[Stored items from a collection]
━━━━

lemma aug_chain_map_comp:
  assumes K: "simplicial_complex K"
    and c1: "aug_chain_map K X c1" and c2: "aug_chain_map X L c2"
  shows "aug_chain_map K L (\<lambda>\<sigma>. ext c2 (c1 \<sigma>))"
  unfolding aug_chain_map_def
proof (intro conjI ballI)
  fix \<sigma> assume \<sigma>: "\<sigma> \<in> insert {} K"
  have X: "\<tau> \<in> insert {} X" if "\<tau> \<in> supp (c1 \<sigma>)" for \<tau>
    by (rule supp_aug_chain_map[OF c1 \<sigma> that])
  show "is_chain L (ext c2 (c1 \<sigma>))"
    unfolding is_chain_def
  proof
    show "finite (supp (ext c2 (c1 \<sigma>)))"
      using aug_chain_mapD(2)[OF c1 \<sigma>] aug_chain_mapD(2)[OF c2 X] by (rule finite_supp_ext)
    show "supp (ext c2 (c1 \<sigma>)) \<subseteq> insert {} L"
      using supp_ext[of c2 "c1 \<sigma>"] supp_aug_chain_map[OF c2 X] by blast
  qed
  show "homog (card \<sigma>) (ext c2 (c1 \<sigma>))"
    unfolding homog_def
  proof
    fix \<mu> assume "\<mu> \<in> supp (ext c2 (c1 \<sigma>))"
    then obtain \<tau> where \<tau>: "\<tau> \<in> supp (c1 \<sigma>)" "\<mu> \<in> supp (c2 \<tau>)"
      using supp_ext[of c2 "c1 \<sigma>"] by blast
    have "card \<tau> = card \<sigma>" using aug_chain_mapD(3)[OF c1 \<sigma>] \<tau>(1) by (simp add: homog_def)
    thus "card \<mu> = card \<sigma>" using aug_chain_mapD(3)[OF c2 X[OF \<tau>(1)]] \<tau>(2) by (simp add: homog_def)
  qed
  have "bdc (ext c2 (c1 \<sigma>)) = ext (\<lambda>\<tau>. bdc (c2 \<tau>)) (c1 \<sigma>)"
    using aug_chain_mapD(2)[OF c1 \<sigma>] aug_chain_mapD(2)[OF c2 X] by (rule bdc_ext)
  also have "\<dots> = ext (\<lambda>\<tau>. ext c2 (bd \<tau>)) (c1 \<sigma>)"
    by (rule ext_cong) (use aug_chain_mapD(4)[OF c2 X] in blast)
  also have "\<dots> = ext c2 (bdc (c1 \<sigma>))"
    unfolding bdc_def by (rule ext_ext[symmetric]) (simp_all add: aug_chain_mapD(2)[OF c1 \<sigma>])
  also have "\<dots> = ext c2 (ext c1 (bd \<sigma>))" by (simp add: aug_chain_mapD(4)[OF c1 \<sigma>])
  also have "\<dots> = ext (\<lambda>\<nu>. ext c2 (c1 \<nu>)) (bd \<sigma>)"
    by (rule ext_ext) (simp_all add: aug_chain_mapD(2)[OF c1 supp_bd_in_complex[OF K \<sigma>]])
  finally show "bdc (ext c2 (c1 \<sigma>)) = ext (\<lambda>\<sigma>. ext c2 (c1 \<sigma>)) (bd \<sigma>)" .
next
  show "ext c2 (c1 {}) = (\<lambda>\<tau>. if \<tau> = {} then 1 else 0)"
    by (simp add: aug_chain_map_empty[OF c1] aug_chain_map_empty[OF c2]) (simp add: delta_def)
qed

━━━━

■ **Problem description**
Look above for the line holding "ext (\<lambda>\<tau>. ext" and the line holding "ext (\<lambda>\<sigma>. ext", then output exactly those two lines and every line between them, nothing more.

■ **Written answer**
  also have "\<dots> = ext (\<lambda>\<tau>. ext c2 (bd \<tau>)) (c1 \<sigma>)"
    by (rule ext_cong) (use aug_chain_mapD(4)[OF c2 X] in blast)
  also have "\<dots> = ext c2 (bdc (c1 \<sigma>))"
    unfolding bdc_def by (rule ext_ext[symmetric]) (simp_all add: aug_chain_mapD(2)[OF c1 \<sigma>])
  also have "\<dots> = ext c2 (ext c1 (bd \<sigma>))" by (simp add: aug_chain_mapD(4)[OF c1 \<sigma>])
  also have "\<dots> = ext (\<lambda>\<nu>. ext c2 (c1 \<nu>)) (bd \<sigma>)"
    by (rule ext_ext) (simp_all add: aug_chain_mapD(2)[OF c1 supp_bd_in_complex[OF K \<sigma>]])
  finally show "bdc (ext c2 (c1 \<sigma>)) = ext (\<lambda>\<sigma>. ext c2 (c1 \<sigma>)) (bd \<sigma>)" .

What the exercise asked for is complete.